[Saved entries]
lemma Gam_categoryI:
  "wf_bg K \<Longrightarrow> (\<And>\<phi>. graph_hom n EG K \<phi> \<Longrightarrow>
     gam_word n A (map \<phi> (bin K)) = gam_word n A (map \<phi> (bout K))) \<Longrightarrow> K \<in> Gam_category n EG A"
  by (simp add: Gam_category_def)

lemma Gam_categoryD:
  "K \<in> Gam_category n EG A \<Longrightarrow> wf_bg K"
  "K \<in> Gam_category n EG A \<Longrightarrow> graph_hom n EG K \<phi> \<Longrightarrow>
     gam_word n A (map \<phi> (bin K)) = gam_word n A (map \<phi> (bout K))"
  by (simp_all add: Gam_category_def)

lemma graph_hom_labels:
  assumes "wf_bg K" "graph_hom n EG K \<phi>"
  shows "set (map \<phi> (bin K)) \<subseteq> {0..<n}" "set (map \<phi> (bout K)) \<subseteq> {0..<n}"
  using assms unfolding wf_bg_def graph_hom_def by auto

lemma wf_bg_quot: "wf_bg K \<Longrightarrow> wf_bg (bg_quot K P)"
  unfolding wf_bg_def bg_quot_def sym_def by (auto 0 3)

lemma wf_bg_tensor: "wf_bg K \<Longrightarrow> wf_bg H \<Longrightarrow> wf_bg (tensor K H)"
  unfolding wf_bg_def tensor_def sym_def by (auto 0 3)

lemma wf_bg_relabel:
  "wf_bg K \<Longrightarrow> set a \<subseteq> bV K \<Longrightarrow> set b \<subseteq> bV K \<Longrightarrow> wf_bg (K\<lparr>bin := a, bout := b\<rparr>)"
  by (simp add: wf_bg_def)

lemma graph_hom_quot: "graph_hom n EG (bg_quot K P) \<phi> \<Longrightarrow> graph_hom n EG K (\<phi> \<circ> qmap P)"
  unfolding graph_hom_def bg_quot_def by auto

lemma graph_hom_tensor:
  assumes "graph_hom n EG (tensor K H) \<phi>"
  shows "graph_hom n EG K (\<lambda>x. \<phi> (2 * x))" "graph_hom n EG H (\<lambda>x. \<phi> (2 * x + 1))"
  using assms unfolding graph_hom_def tensor_def by auto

__Your objective__
One stretch of the lines above is wanted, from the line that contains "by (simp_all add: Gam_category_def)" through the line that contains "by (simp add: wf_bg_def)". Output it exactly.

__Answer section__
  by (simp_all add: Gam_category_def)

lemma graph_hom_labels:
  assumes "wf_bg K" "graph_hom n EG K \<phi>"
  shows "set (map \<phi> (bin K)) \<subseteq> {0..<n}" "set (map \<phi> (bout K)) \<subseteq> {0..<n}"
  using assms unfolding wf_bg_def graph_hom_def by auto

lemma wf_bg_quot: "wf_bg K \<Longrightarrow> wf_bg (bg_quot K P)"
  unfolding wf_bg_def bg_quot_def sym_def by (auto 0 3)

lemma wf_bg_tensor: "wf_bg K \<Longrightarrow> wf_bg H \<Longrightarrow> wf_bg (tensor K H)"
  unfolding wf_bg_def tensor_def sym_def by (auto 0 3)

lemma wf_bg_relabel:
  "wf_bg K \<Longrightarrow> set a \<subseteq> bV K \<Longrightarrow> set b \<subseteq> bV K \<Longrightarrow> wf_bg (K\<lparr>bin := a, bout := b\<rparr>)"
  by (simp add: wf_bg_def)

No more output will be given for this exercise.